_Assignment_: Of all the lines below, output only those starting at the one with "finally show ?thesis" and ending at the one with "unfolding p_def using assms(1)", both ends included, exactly as written.

[Source data]
◆ ◆ ◆ ◆ ◆

(* Let $\mathcal{F}_1,\dots,\mathcal{F}_k$ be finite nonempty families of convex sets in $\mathbb{R}^d$ and let $b\in\mathbb{R}^d$. If for every transversal $\mathcal{T}$ of $\mathcal{F}_1,\dots,\mathcal{F}_k$ the set $K(\mathcal{T})$ intersects the closed Euclidean unit ball $B(b,1)$, then there exist $i\in[k]$ and a point $q\in\mathbb{R}^d$ such that $d(q,K)\le\frac1{\sqrt k}$ for all $K\in\mathcal{F}_i$.
   Context: A transversal of $\mathcal{F}_1,\dots,\mathcal{F}_k$ is $\mathcal{T}=(K_1,\dots,K_k)$ with $K_i\in\mathcal{F}_i$ for all $i$, and $K(\mathcal{T})=\bigcap_{i=1}^kK_i$. $B(b,1)$ is the closed Euclidean ball of centre $b$ and radius $1$; $d(q,K)$ is Euclidean distance from a point to a set. *)

theory Defs
  imports "HOL-Analysis.Analysis"
begin

definition is_transversal :: "nat \<Rightarrow> (nat \<Rightarrow> 'a set set) \<Rightarrow> (nat \<Rightarrow> 'a set) \<Rightarrow> bool" where
  "is_transversal k F T \<longleftrightarrow> (\<forall>i\<in>{1..k}. T i \<in> F i)"

definition K_of :: "nat \<Rightarrow> (nat \<Rightarrow> 'a set) \<Rightarrow> 'a set" where
  "K_of k T = (\<Inter>i\<in>{1..k}. T i)"

end

theory Submission
  imports Defs
begin

text \<open>Suppose no family \<open>F i\<close> has a point within \<open>1/\<surd>k\<close> of all its members. Choose the sets
  greedily: having fixed \<open>T 1, \<dots>, T n\<close>, let \<open>p\<close> be the point of the closed convex set
  \<open>closure (T 1 \<inter> \<dots> \<inter> T n)\<close> nearest to \<open>b\<close> and pick \<open>T (n+1) \<in> F (n+1)\<close> at distance
  more than \<open>1/\<surd>k\<close> from \<open>p\<close>. Since \<open>p\<close> is a metric projection, every point of the new
  intersection lies farther from \<open>b\<close> than \<open>p\<close> in the Pythagorean sense, so the squared
  distance from \<open>b\<close> to the intersection grows by more than \<open>1/k\<close> at each step. After \<open>k\<close>
  steps the resulting transversal misses \<open>B(b,1)\<close>.\<close>

lemma dist_closest_point_sq_add_le:
  fixes S :: "'a::euclidean_space set"
  assumes "convex S" "closed S" "z \<in> S"
  shows "(dist a (closest_point S a))\<^sup>2 + (dist (closest_point S a) z)\<^sup>2 \<le> (dist a z)\<^sup>2"
proof -
  define p where "p = closest_point S a"
  have obtuse: "inner (a - p) (z - p) \<le> 0"
    unfolding p_def using closest_point_dot[OF assms] .
  have "(dist a z)\<^sup>2 = (norm ((a - p) - (z - p)))\<^sup>2"
    by (simp add: dist_norm)
  also have "\<dots> = (norm (a - p))\<^sup>2 + (norm (z - p))\<^sup>2 - 2 * inner (a - p) (z - p)"
    by (simp add: power2_norm_eq_inner inner_diff_left inner_diff_right inner_commute)
  finally show ?thesis
    using obtuse unfolding p_def[symmetric] by (simp add: dist_norm norm_minus_commute)
qed

lemma obtain_far_set_increasing_dist_sq:
  fixes S :: "'a::euclidean_space set"
  assumes "convex S" "\<forall>z\<in>S. c \<le> (dist b z)\<^sup>2" "0 \<le> r"
    and far: "\<forall>q. \<exists>K\<in>F. r < infdist q K"
  obtains K where "K \<in> F" "\<forall>z\<in>S \<inter> K. c + r\<^sup>2 < (dist b z)\<^sup>2"
proof -
  define p where "p = closest_point (closure S) b"
  obtain K where "K \<in> F" and K: "r < infdist p K"
    using far by blast
  have "c + r\<^sup>2 < (dist b z)\<^sup>2" if z: "z \<in> S" "z \<in> K" for z
  proof -
    have "closure S \<subseteq> {x. c \<le> (dist b x)\<^sup>2}"
      using assms(2) by (intro closure_minimal closed_Collect_le continuous_intros) auto
    moreover have "p \<in> closure S"
      unfolding p_def using z(1) by (intro closest_point_in_set) auto
    ultimately have "c \<le> (dist b p)\<^sup>2"
      by blast
    moreover have "r < dist p z"
      using K infdist_le[OF z(2), of p] by linarith
    then have "r\<^sup>2 < (dist p z)\<^sup>2"
      using \<open>0 \<le> r\<close> by (intro power_strict_mono) auto
    moreover have "(dist b p)\<^sup>2 + (dist p z)\<^sup>2 \<le> (dist b z)\<^sup>2"
      unfolding p_def using assms(1) z(1) closure_subset
      by (intro dist_closest_point_sq_add_le) (auto intro: convex_closure)
    ultimately show ?thesis
      by linarith
  qed
  then show thesis
    using that \<open>K \<in> F\<close> by blast
qed

lemma greedy_partial_transversal:
  fixes F :: "nat \<Rightarrow> ('a::euclidean_space) set set"
  assumes convex: "\<forall>i\<in>{1..k}. \<forall>K\<in>F i. convex K"
    and far: "\<forall>i\<in>{1..k}. \<forall>q. \<exists>K\<in>F i. r < infdist q K"
    and "0 \<le> r" "n < k"
  shows "\<exists>T. (\<forall>i\<in>{1..Suc n}. T i \<in> F i) \<and>
    (\<forall>z\<in>(\<Inter>i\<in>{1..Suc n}. T i). real (Suc n) * r\<^sup>2 < (dist b z)\<^sup>2)"
  using \<open>n < k\<close>
proof (induction n)
  case 0
  obtain K where "K \<in> F 1" "\<forall>z\<in>UNIV \<inter> K. 0 + r\<^sup>2 < (dist b z)\<^sup>2"
    using obtain_far_set_increasing_dist_sq[of UNIV 0 b r "F 1"] far \<open>0 < k\<close> \<open>0 \<le> r\<close>
    by auto
  then show ?case
    by (intro exI[of _ "\<lambda>_. K"]) auto
next
  case (Suc n)
  then obtain T where T: "\<forall>i\<in>{1..Suc n}. T i \<in> F i"
    and T_far: "\<forall>z\<in>(\<Inter>i\<in>{1..Suc n}. T i). real (Suc n) * r\<^sup>2 < (dist b z)\<^sup>2"
    by auto
  have "convex (\<Inter>i\<in>{1..Suc n}. T i)"
    using T convex Suc.prems by (intro convex_INT) force
  moreover have "\<forall>z\<in>(\<Inter>i\<in>{1..Suc n}. T i). real (Suc n) * r\<^sup>2 \<le> (dist b z)\<^sup>2"
    using T_far by (auto simp: less_imp_le)
  moreover note \<open>0 \<le> r\<close>
  moreover have "\<forall>q. \<exists>K\<in>F (Suc (Suc n)). r < infdist q K"
    using far Suc.prems by auto
  ultimately obtain K where K: "K \<in> F (Suc (Suc n))"
    and K_far: "\<forall>z\<in>(\<Inter>i\<in>{1..Suc n}. T i) \<inter> K. real (Suc n) * r\<^sup>2 + r\<^sup>2 < (dist b z)\<^sup>2"
    by (rule obtain_far_set_increasing_dist_sq)
  define T' where "T' = T(Suc (Suc n) := K)"
  have "\<forall>i\<in>{1..Suc (Suc n)}. T' i \<in> F i"
    using T K by (auto simp: T'_def le_Suc_eq)
  moreover have "(\<Inter>i\<in>{1..Suc (Suc n)}. T' i) = (\<Inter>i\<in>{1..Suc n}. T i) \<inter> K"
    unfolding T'_def by (auto simp: atLeastAtMostSuc_conv)
  moreover have "real (Suc (Suc n)) * r\<^sup>2 = real (Suc n) * r\<^sup>2 + r\<^sup>2"
    by (simp add: algebra_simps)
  ultimately show ?case
    using K_far by metis
qed

theorem theorem4p2:
  fixes F :: "nat \<Rightarrow> ('a::euclidean_space) set set" and k :: nat and b :: 'a
  assumes "k \<ge> 1"
    and "\<forall>i\<in>{1..k}. finite (F i) \<and> F i \<noteq> {} \<and> (\<forall>K\<in>F i. convex K)"
    and "\<forall>T. is_transversal k F T \<longrightarrow> K_of k T \<inter> cball b 1 \<noteq> {}"
  shows "\<exists>i\<in>{1..k}. \<exists>q. \<forall>K\<in>F i. infdist q K \<le> 1 / sqrt (real k)"
proof (rule ccontr)
  assume "\<not> ?thesis"
  then have far: "\<forall>i\<in>{1..k}. \<forall>q. \<exists>K\<in>F i. 1 / sqrt (real k) < infdist q K"
    by (auto simp: not_le)
  have k: "Suc (k - 1) = k"
    using assms(1) by simp
  obtain T where "\<forall>i\<in>{1..k}. T i \<in> F i"
    and T_far: "\<forall>z\<in>K_of k T. real k * (1 / sqrt (real k))\<^sup>2 < (dist b z)\<^sup>2"
    using greedy_partial_transversal[OF _ far, of "k - 1" b] assms(1,2)
    unfolding K_of_def k by auto
  then obtain z where "z \<in> K_of k T" "dist b z \<le> 1"
    using assms(3) unfolding is_transversal_def by fastforce
  moreover have "real k * (1 / sqrt (real k))\<^sup>2 = 1"
    using assms(1) by (simp add: power_divide)
  ultimately show False
    using T_far power_le_one[OF zero_le_dist, of b z 2] by fastforce
qed

end
lemma union_of_kappa_intervals_unbounded:
  assumes "union_of_kappa_intervals r I X"
  shows "\<exists>p\<in>X. (b, p) \<in> r"
proof (rule ccontr)
  obtain A where A: "|A| =o r" "X = (\<Union>\<alpha>\<in>A. I \<alpha>)"
    using assms unfolding union_of_kappa_intervals_def by blast
  assume bound: "\<not> (\<exists>p\<in>X. (b, p) \<in> r)"
  have "X \<subseteq> under r b"
  proof
    fix x assume "x \<in> X"
    then have "(b, x) \<notin> r" using bound by blast
    then show "x \<in> under r b" using card_order_total[OF card_order, of x b] unfolding under_def by auto
  qed
  then have small: "|X| <o r"
    using card_of_under_ordLess[OF card_order cinfinite] by (rule card_of_subset_ordLess)
  have "inj_on \<gamma> A" using inj_left_end by (rule inj_on_subset) simp
  moreover have "\<gamma> ` A \<subseteq> X" using A(2) left_end_in by blast
  ultimately have "|A| \<le>o |X|" using card_of_ordLeq by blast
  then have "|A| <o r" using small by (rule ordLeq_ordLess_trans)
  then show False using A(1) not_ordLess_ordIso by blast
qed

lemma convex_adjacent: "convex_k r (I \<alpha> \<union> I (succ_k r \<alpha>))"
proof -
  have "I \<alpha> \<union> I (succ_k r \<alpha>) = interval_k r (\<gamma> \<alpha>) (\<gamma> (succ_k r (succ_k r \<alpha>)))"
    unfolding I_eq
    by (rule interval_k_Un[OF card_order left_end_less_succ[THEN conjunct1] left_end_less_succ[THEN conjunct1]])
  then show ?thesis using convex_interval_k[OF card_order] by simp
qed

lemma next_in_const_on_gap:
  assumes X: "union_of_kappa_intervals r I X" and gap: "I \<alpha> \<inter> X = {}" and x: "x \<in> I \<alpha>"
  shows "next_in r X x = next_in r X (\<gamma> \<alpha>)"
proof (rule next_in_eq_on_convex[OF card_order _ _ gap x left_end_in])
  show "\<forall>b. \<exists>p\<in>X. (b, p) \<in> r" using union_of_kappa_intervals_unbounded[OF X] by blast
  show "convex_k r (I \<alpha>)" unfolding I_eq by (rule convex_interval_k[OF card_order])
qed

lemma next_in_const_on_adjacent_gaps:
  assumes X: "union_of_kappa_intervals r I X"
    and gaps: "I \<alpha> \<inter> X = {}" "I (succ_k r \<alpha>) \<inter> X = {}"
  shows "next_in r X (\<gamma> \<alpha>) = next_in r X (\<gamma> (succ_k r \<alpha>))"
proof (rule next_in_eq_on_convex[OF card_order _ convex_adjacent])
  show "\<forall>b. \<exists>p\<in>X. (b, p) \<in> r" using union_of_kappa_intervals_unbounded[OF X] by blast
  show "(I \<alpha> \<union> I (succ_k r \<alpha>)) \<inter> X = {}" using gaps by blast
  show "\<gamma> \<alpha> \<in> I \<alpha> \<union> I (succ_k r \<alpha>)" "\<gamma> (succ_k r \<alpha>) \<in> I \<alpha> \<union> I (succ_k r \<alpha>)"
    using left_end_in by blast+
qed

text \<open>On a gap interval next_in r X is constant, so its value at the left end represents
  the interval.\<close>
definition gap_indices :: "'k set \<Rightarrow> 'k set \<Rightarrow> 'k set" where
  "gap_indices X T = {\<alpha>. I \<alpha> \<inter> X = {} \<and> next_in r X (\<gamma> \<alpha>) \<in> T}"

lemma next_in_image_subset_gaps:
  assumes X: "union_of_kappa_intervals r I X"
  shows "T \<inter> next_in r X ` (y \<inter> z) \<subseteq> (y \<inter> X) \<union> next_in r X ` (z \<inter> (\<Union>\<alpha>\<in>gap_indices X T. I \<alpha>))"
proof
  fix w assume "w \<in> T \<inter> next_in r X ` (y \<inter> z)"
  then obtain x where x: "x \<in> y" "x \<in> z" "w = next_in r X x" "w \<in> T" by blast
  show "w \<in> (y \<inter> X) \<union> next_in r X ` (z \<inter> (\<Union>\<alpha>\<in>gap_indices X T. I \<alpha>))"
  proof (cases "x \<in> X")
    case True
    then show ?thesis using x next_in_fixed[OF card_order] by auto
  next
    case False
    obtain \<alpha> where \<alpha>: "x \<in> I \<alpha>" using I_cover by blast
    then have gap: "I \<alpha> \<inter> X = {}" using disjoint_if_not_in_union[OF X] False by blast
    then have "next_in r X x = next_in r X (\<gamma> \<alpha>)" using next_in_const_on_gap[OF X _ \<alpha>] by blast
    then have "\<alpha> \<in> gap_indices X T" using gap x unfolding gap_indices_def by auto
    then show ?thesis using x \<alpha> by blast
  qed
qed

lemma next_in_image_gap_union:
  assumes X: "union_of_kappa_intervals r I X"
  shows "next_in r X ` (\<Union>\<alpha>\<in>gap_indices X T. I \<alpha>) \<subseteq> (\<lambda>\<alpha>. next_in r X (\<gamma> \<alpha>)) ` gap_indices X T"
  using next_in_const_on_gap[OF X] unfolding gap_indices_def by blast

lemma card_of_trace_ordLess:
  assumes X: "union_of_kappa_intervals r I X" and y: "|y \<inter> X| <o r"
    and small: "|z \<inter> (\<Union>\<alpha>\<in>gap_indices X T. I \<alpha>)| <o r \<or> |gap_indices X T| <o r"
  shows "|T \<inter> next_in r X ` (y \<inter> z)| <o r"
proof -
  have "|next_in r X ` (z \<inter> (\<Union>\<alpha>\<in>gap_indices X T. I \<alpha>))| <o r"
    using small
  proof
    assume "|z \<inter> (\<Union>\<alpha>\<in>gap_indices X T. I \<alpha>)| <o r"
    then show ?thesis by (rule ordLeq_ordLess_trans[OF card_of_image])
  next
    assume "|gap_indices X T| <o r"
    then have "|(\<lambda>\<alpha>. next_in r X (\<gamma> \<alpha>)) ` gap_indices X T| <o r"
      by (rule ordLeq_ordLess_trans[OF card_of_image])
    moreover have "next_in r X ` (z \<inter> (\<Union>\<alpha>\<in>gap_indices X T. I \<alpha>))
        \<subseteq> (\<lambda>\<alpha>. next_in r X (\<gamma> \<alpha>)) ` gap_indices X T"
      using next_in_image_gap_union[OF X] by blast
    ultimately show ?thesis by (blast intro: card_of_subset_ordLess)
  qed
  with y have "|(y \<inter> X) \<union> next_in r X ` (z \<inter> (\<Union>\<alpha>\<in>gap_indices X T. I \<alpha>))| <o r"
    by (rule Un_Cinfinite_bound_strict[OF _ _ Cinfinite_r])
  with next_in_image_subset_gaps[OF X] show ?thesis by (rule card_of_subset_ordLess)
qed
lemma inertial_conditions:
  fixes \<alpha> \<beta> \<theta> :: "nat \<Rightarrow> real"
  assumes eps: "\<epsilon> > 1"
    and C3i: "\<forall>n\<ge>1. 0 \<le> \<alpha> n \<and> \<alpha> n \<le> 1"
    and C3ii: "\<forall>n\<ge>1. 0 \<le> \<beta> n \<and> \<beta> n \<le> \<beta> (Suc n) \<and> \<beta> (Suc n) \<le> \<beta>c"
    and C3ii': "\<beta>c < (3 + 2 * \<epsilon> - sqrt (8 * \<epsilon> + 17)) / (2 * \<epsilon>)"
    and C3iii: "\<forall>n\<ge>1. 0 < \<theta>c \<and> \<theta>c < \<theta> n \<and> \<theta> n \<le> \<theta> (Suc n) \<and> \<theta> (Suc n) \<le> 1 / (1 + \<epsilon>)"
  shows "0 < inertial_gap \<epsilon> \<beta>c" and "(1 + \<beta>c) / 2 < 1"
    and "\<And>n. 1 \<le> n \<Longrightarrow>
      0 \<le> inertial_weight (\<theta> n) (\<alpha> n) (\<beta> n) \<and> inertial_weight (\<theta> n) (\<alpha> n) (\<beta> n) \<le> (1 + \<beta>c) / 2"
    and "\<And>n. 1 \<le> n \<Longrightarrow> 0 \<le> inertial_coeff \<epsilon> (\<theta> n) (\<alpha> n) (\<beta> n)"
    and "\<And>n. 1 \<le> n \<Longrightarrow>
      inertial_coeff \<epsilon> (\<theta> (Suc n)) (\<alpha> (Suc n)) (\<beta> (Suc n)) + inertial_gap \<epsilon> \<beta>c \<le> \<epsilon> * (1 - \<beta> n)"
proof -
  have params: "0 \<le> \<alpha> n" "\<alpha> n \<le> 1" "0 \<le> \<beta> n" "\<beta> n \<le> \<beta> (Suc n)" "\<beta> (Suc n) \<le> \<beta>c"
    "0 \<le> \<theta> n" "\<theta> n \<le> 1 / (1 + \<epsilon>)" if "1 \<le> n" for n
    using C3i C3ii C3iii that by (auto intro: order_trans less_imp_le)
  have "\<beta>c < 1"
    by (rule inertial_bound_lt_one[OF eps C3ii'])
  then show "(1 + \<beta>c) / 2 < 1"
    by simp
  show "0 < inertial_gap \<epsilon> \<beta>c"
    using inertial_gap_pos[OF eps _ C3ii'] params(3-5)[of 1] by simp
  show "0 \<le> inertial_weight (\<theta> n) (\<alpha> n) (\<beta> n) \<and>
      inertial_weight (\<theta> n) (\<alpha> n) (\<beta> n) \<le> (1 + \<beta>c) / 2"
    and "0 \<le> inertial_coeff \<epsilon> (\<theta> n) (\<alpha> n) (\<beta> n)" if "1 \<le> n" for n
    using inertial_coeff_bounds[OF eps _ _ \<open>\<beta>c < 1\<close>] params[OF that] by (auto intro: order_trans)
  show "inertial_coeff \<epsilon> (\<theta> (Suc n)) (\<alpha> (Suc n)) (\<beta> (Suc n)) + inertial_gap \<epsilon> \<beta>c
      \<le> \<epsilon> * (1 - \<beta> n)" if "1 \<le> n" for n
    using inertial_coeff_le[OF eps _ _ _ \<open>\<beta>c < 1\<close>] params[OF that] params(1,2,6,7)[of "Suc n"]
    by simp
qed

lemma stepsize_ge_min:
  fixes A :: "'a::real_normed_vector \<Rightarrow> 'a" and w y :: "nat \<Rightarrow> 'a"
    and lam \<mu>s p :: "nat \<Rightarrow> real"
  assumes "L-lipschitz_on UNIV A" and "0 \<le> \<mu>"
    and \<mu>s_nonneg: "\<forall>n\<ge>1. \<mu>s n \<ge> 0" and p_nonneg: "\<forall>n\<ge>1. p n \<ge> 0"
    and lam_def: "\<forall>n\<ge>1. lam (Suc n) =
        (if A (w n) \<noteq> A (y n)
         then min ((\<mu>s n + \<mu>) * norm (w n - y n) / norm (A (w n) - A (y n))) (lam n + p n)
         else lam n + p n)"
  shows "\<forall>n\<ge>1. min (lam 1) (\<mu> / (L + 1)) \<le> lam n"
proof (intro allI impI)
  fix n :: nat
  assume "1 \<le> n"
  then show "min (lam 1) (\<mu> / (L + 1)) \<le> lam n"
  proof (induction n rule: nat_induct_at_least)
    case (Suc n)
    have "\<mu> / (L + 1) \<le> (\<mu>s n + \<mu>) * norm (w n - y n) / norm (A (w n) - A (y n))"
      if "A (w n) \<noteq> A (y n)"
    proof -
      have "0 \<le> L"
        using \<open>L-lipschitz_on UNIV A\<close> lipschitz_on_nonneg by blast
      have "norm (A (w n) - A (y n)) \<le> L * norm (w n - y n)"
        using lipschitz_onD[OF \<open>L-lipschitz_on UNIV A\<close>] by (simp add: dist_norm)
      also have "\<dots> \<le> (L + 1) * norm (w n - y n)"
        by (simp add: mult_right_mono)
      finally have "\<mu> * norm (A (w n) - A (y n)) \<le> (\<mu>s n + \<mu>) * ((L + 1) * norm (w n - y n))"
        using \<open>0 \<le> \<mu>\<close> \<mu>s_nonneg Suc.hyps by (intro mult_mono) auto
      then show ?thesis
        using that \<open>0 \<le> L\<close> by (simp add: field_simps)
    qed
    then show ?case
      using Suc p_nonneg lam_def by (auto simp: min_le_iff_disj)
  qed simp
qed

lemma stepsize_mul_le:
  fixes A :: "'a::real_normed_vector \<Rightarrow> 'a" and w y :: "nat \<Rightarrow> 'a"
    and lam \<mu>s p :: "nat \<Rightarrow> real"
  assumes "0 \<le> \<mu>" and "\<forall>n\<ge>1. \<mu>s n \<ge> 0"
    and lam_def: "\<forall>n\<ge>1. lam (Suc n) =
        (if A (w n) \<noteq> A (y n)
         then min ((\<mu>s n + \<mu>) * norm (w n - y n) / norm (A (w n) - A (y n))) (lam n + p n)
         else lam n + p n)"
  shows "\<forall>n\<ge>1. lam (Suc n) * norm (A (w n) - A (y n)) \<le> (\<mu>s n + \<mu>) * norm (w n - y n)"
proof (intro allI impI)
  fix n :: nat
  assume "1 \<le> n"
  show "lam (Suc n) * norm (A (w n) - A (y n)) \<le> (\<mu>s n + \<mu>) * norm (w n - y n)"
  proof (cases "A (w n) = A (y n)")
    case True
    then show ?thesis
      using assms \<open>1 \<le> n\<close> by simp
  next
    case False
    then have "lam (Suc n) \<le> (\<mu>s n + \<mu>) * norm (w n - y n) / norm (A (w n) - A (y n))"
      using lam_def \<open>1 \<le> n\<close> by simp
    then show ?thesis
      using False by (simp add: pos_le_divide_eq)
  qed
qed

◆ ◆ ◆ ◆ ◆

_Exercise response_:
  finally show ?thesis
    using obtuse unfolding p_def[symmetric] by (simp add: dist_norm norm_minus_commute)
qed

lemma obtain_far_set_increasing_dist_sq:
  fixes S :: "'a::euclidean_space set"
  assumes "convex S" "\<forall>z\<in>S. c \<le> (dist b z)\<^sup>2" "0 \<le> r"
    and far: "\<forall>q. \<exists>K\<in>F. r < infdist q K"
  obtains K where "K \<in> F" "\<forall>z\<in>S \<inter> K. c + r\<^sup>2 < (dist b z)\<^sup>2"
proof -
  define p where "p = closest_point (closure S) b"
  obtain K where "K \<in> F" and K: "r < infdist p K"
    using far by blast
  have "c + r\<^sup>2 < (dist b z)\<^sup>2" if z: "z \<in> S" "z \<in> K" for z
  proof -
    have "closure S \<subseteq> {x. c \<le> (dist b x)\<^sup>2}"
      using assms(2) by (intro closure_minimal closed_Collect_le continuous_intros) auto
    moreover have "p \<in> closure S"
      unfolding p_def using z(1) by (intro closest_point_in_set) auto
    ultimately have "c \<le> (dist b p)\<^sup>2"
      by blast
    moreover have "r < dist p z"
      using K infdist_le[OF z(2), of p] by linarith
    then have "r\<^sup>2 < (dist p z)\<^sup>2"
      using \<open>0 \<le> r\<close> by (intro power_strict_mono) auto
    moreover have "(dist b p)\<^sup>2 + (dist p z)\<^sup>2 \<le> (dist b z)\<^sup>2"
      unfolding p_def using assms(1) z(1) closure_subset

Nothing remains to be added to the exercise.